About this task: The line containing "theory Submission" marks the end: write out exactly every line from the first line of the data below through that line, and only those.
##### Material to process #####
(* Let $\mathbb{I}>0$, $\xi>0$, $0<c\le1$, and for $\ell>0$ let $g_{c,\xi}(\ell)=4c\ell^2\int_0^\infty u^2\,\Phi\big(-\frac{u\ell\xi\sqrt{c\mathbb{I}}}{2}\big)\phi(u)\,du$. Then $g_{c,\xi}$ is maximized at $\ell_{opt}=\frac{2.426}{\xi\sqrt{c\,\mathbb{I}}}$ (constant to three decimals), and $$\alpha_{opt}=4\int_0^\infty\Phi\Big(-\frac{u\ell_{opt}\xi\sqrt{c\,\mathbb{I}}}{2}\Big)\phi(u)\,du=0.439$$ up to three decimal places.
   Context: $\Phi,\phi$ are the standard normal cdf and density; $g_{c,\xi}$ is the diffusion speed of the limiting diffusion of additive TMCMC-within-Gibbs for independent non-identically scaled product targets and $\alpha_{opt}$ the corresponding optimal acceptance rate. *)

theory Defs
  imports "HOL-Probability.Probability"
begin

definition std_phi :: "real \<Rightarrow> real" where
  "std_phi x = std_normal_density x"

definition std_Phi :: "real \<Rightarrow> real" where
  "std_Phi x = (LBINT t:{..x}. std_phi t)"

definition g_speed :: "real \<Rightarrow> real \<Rightarrow> real \<Rightarrow> real \<Rightarrow> real" where
  "g_speed I c \<xi> l =
     4 * c * l\<^sup>2 * (LBINT u:{0..}. u\<^sup>2 * std_Phi (- (u * l * \<xi> * sqrt (c * I)) / 2) * std_phi u)"

definition acc_rate :: "real \<Rightarrow> real \<Rightarrow> real \<Rightarrow> real \<Rightarrow> real" where
  "acc_rate I c \<xi> l =
     4 * (LBINT u:{0..}. std_Phi (- (u * l * \<xi> * sqrt (c * I)) / 2) * std_phi u)"

definition round3 :: "real \<Rightarrow> real" where
  "round3 x = real_of_int (round (1000 * x)) / 1000"

end

theory Submission
  imports Defs "HOL-Real_Asymp.Real_Asymp"
begin

text \<open>
  Writing \<open>\<Phi>(-au) = u \<integral>\<^sub>a\<^sup>\<infinity> \<phi>(uv) dv\<close> and exchanging the order of integration turns the
  integrals over \<open>u\<close> into Gaussian integrals, which gives the closed forms
  \<open>\<integral>\<^sub>0\<^sup>\<infinity> \<Phi>(-au) \<phi>(u) du = 1/4 - arctan a / (2\<pi>)\<close> and
  \<open>\<integral>\<^sub>0\<^sup>\<infinity> u\<^sup>2 \<Phi>(-au) \<phi>(u) du = 1/4 - (arctan a + a/(1+a\<^sup>2)) / (2\<pi>)\<close>.
  With \<open>a = \<ell>\<xi>\<surd>(c\<I>)/2\<close>, the speed \<open>g\<^sub>c\<^sub>,\<^sub>\<xi>(\<ell>)\<close> is a positive multiple of
  \<open>M(a) = a\<^sup>2 (1/4 - (arctan a + a/(1+a\<^sup>2)) / (2\<pi>))\<close>, whose derivative has the sign of
  \<open>E(a) = \<pi>/2 - arctan a - a/(1+a\<^sup>2) - a/(1+a\<^sup>2)\<^sup>2\<close>. The function \<open>E\<close> decreases on
  \<open>(0, \<surd>3)\<close> and is negative from \<open>1.7\<close> on; certified Taylor bounds for \<open>arctan\<close> show that it changes
  sign in \<open>[1.2128, 1.21324]\<close>, so every maximiser \<open>a\<close> lies there. Both \<open>2a\<close> and the
  acceptance rate \<open>1 - 2 arctan a / \<pi>\<close> are then determined to three decimals.
\<close>

lemma one_add_power2_pos [simp]: "0 < 1 + (x::real)^2"
  by (simp add: add_pos_nonneg)

lemma one_add_power2_neq_zero [simp]: "1 + (x::real)^2 \<noteq> 0"
  using one_add_power2_pos[of x] by linarith

lemma arctan_le_taylor5:
  fixes y :: real
  assumes "0 \<le> y"
  shows "arctan y \<le> y - y^3/3 + y^5/5"
proof -
  let ?f = "\<lambda>y. y - y^3/3 + y^5/5 - arctan y"
  have deriv: "(?f has_real_derivative y^6/(1+y^2)) (at y)" for y :: real
  proof -
    have "(?f has_real_derivative 1 - y^2 + y^4 - 1/(1+y^2)) (at y)"
      by (auto intro!: derivative_eq_intros simp: field_simps power2_eq_square)
    also have "1 - y^2 + y^4 - 1/(1+y^2) = y^6/(1+y^2)"
      by (simp add: divide_simps) algebra
    finally show ?thesis .
  qed
  have "0 \<le> y^6/(1+y^2)" for y :: real
    by simp
  with deriv have "?f 0 \<le> ?f y"
    by (intro DERIV_nonneg_imp_nondecreasing[of 0 y ?f] assms) blast
  then show ?thesis by simp
qed

lemma taylor7_le_arctan:
  fixes y :: real
  assumes "0 \<le> y"
  shows "y - y^3/3 + y^5/5 - y^7/7 \<le> arctan y"
proof -
  let ?f = "\<lambda>y. arctan y - (y - y^3/3 + y^5/5 - y^7/7)"
  have deriv: "(?f has_real_derivative y^8/(1+y^2)) (at y)" for y :: real
  proof -
    have "(?f has_real_derivative 1/(1+y^2) - (1 - y^2 + y^4 - y^6)) (at y)"
      by (auto intro!: derivative_eq_intros simp: field_simps power2_eq_square)
    also have "1/(1+y^2) - (1 - y^2 + y^4 - y^6) = y^8/(1+y^2)"
      by (simp add: divide_simps) algebra
    finally show ?thesis .
  qed
  have "0 \<le> y^8/(1+y^2)" for y :: real
    by simp
  with deriv have "?f 0 \<le> ?f y"
    by (intro DERIV_nonneg_imp_nondecreasing[of 0 y ?f] assms) blast
  then show ?thesis by simp
qed

lemma arctan_eq_pi_div_4_plus_arctan:
  fixes a :: real
  assumes "0 < a"
  shows "arctan a = pi/4 + arctan ((a - 1)/(a + 1))"
proof -
  have "arctan 1 + arctan ((a - 1)/(a + 1)) = arctan ((1 + (a - 1)/(a + 1)) / (1 - 1 * ((a - 1)/(a + 1))))"
    using assms by (intro arctan_add) (auto simp: abs_less_iff field_simps)
  also have "(1 + (a - 1)/(a + 1)) / (1 - 1 * ((a - 1)/(a + 1))) = a"
    using assms by (simp add: field_simps)
  finally show ?thesis by simp
qed

lemma DERIV_pos_imp_less_lim_at_top:
  fixes f :: "real \<Rightarrow> real"
  assumes "\<And>x. b \<le> x \<Longrightarrow> \<exists>y. DERIV f x :> y \<and> 0 < y"
    and "(f \<longlongrightarrow> L) at_top"
  shows "f b < L"
proof -
  have "\<exists>y. ((\<lambda>x. - f x) has_real_derivative y) (at x) \<and> y < 0" if "b \<le> x" for x
    using assms(1)[OF that] by (fastforce intro: DERIV_minus)
  moreover have "((\<lambda>x. - f x) \<longlongrightarrow> - L) at_top"
    using assms(2) by (rule tendsto_minus)
  ultimately have "- L < - f b"
    by (rule DERIV_neg_imp_decreasing_at_top)
  then show ?thesis by simp
qed

lemma std_phi_eq: "std_phi x = exp (- (x^2)/2) / sqrt (2*pi)"
  unfolding std_phi_def std_normal_density_def by simp

lemma std_phi_nonneg: "0 \<le> std_phi x"
  unfolding std_phi_eq by simp

lemma std_phi_minus: "std_phi (- x) = std_phi x"
  unfolding std_phi_eq by simp

lemma std_phi_measurable [measurable]: "std_phi \<in> borel_measurable borel"
  unfolding std_phi_eq[abs_def] by measurable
#####
Task answer:
(* Let $\mathbb{I}>0$, $\xi>0$, $0<c\le1$, and for $\ell>0$ let $g_{c,\xi}(\ell)=4c\ell^2\int_0^\infty u^2\,\Phi\big(-\frac{u\ell\xi\sqrt{c\mathbb{I}}}{2}\big)\phi(u)\,du$. Then $g_{c,\xi}$ is maximized at $\ell_{opt}=\frac{2.426}{\xi\sqrt{c\,\mathbb{I}}}$ (constant to three decimals), and $$\alpha_{opt}=4\int_0^\infty\Phi\Big(-\frac{u\ell_{opt}\xi\sqrt{c\,\mathbb{I}}}{2}\Big)\phi(u)\,du=0.439$$ up to three decimal places.
   Context: $\Phi,\phi$ are the standard normal cdf and density; $g_{c,\xi}$ is the diffusion speed of the limiting diffusion of additive TMCMC-within-Gibbs for independent non-identically scaled product targets and $\alpha_{opt}$ the corresponding optimal acceptance rate. *)

theory Defs
  imports "HOL-Probability.Probability"
begin

definition std_phi :: "real \<Rightarrow> real" where
  "std_phi x = std_normal_density x"

definition std_Phi :: "real \<Rightarrow> real" where
  "std_Phi x = (LBINT t:{..x}. std_phi t)"

definition g_speed :: "real \<Rightarrow> real \<Rightarrow> real \<Rightarrow> real \<Rightarrow> real" where
  "g_speed I c \<xi> l =
     4 * c * l\<^sup>2 * (LBINT u:{0..}. u\<^sup>2 * std_Phi (- (u * l * \<xi> * sqrt (c * I)) / 2) * std_phi u)"

definition acc_rate :: "real \<Rightarrow> real \<Rightarrow> real \<Rightarrow> real \<Rightarrow> real" where
  "acc_rate I c \<xi> l =
     4 * (LBINT u:{0..}. std_Phi (- (u * l * \<xi> * sqrt (c * I)) / 2) * std_phi u)"

definition round3 :: "real \<Rightarrow> real" where
  "round3 x = real_of_int (round (1000 * x)) / 1000"

end

theory Submission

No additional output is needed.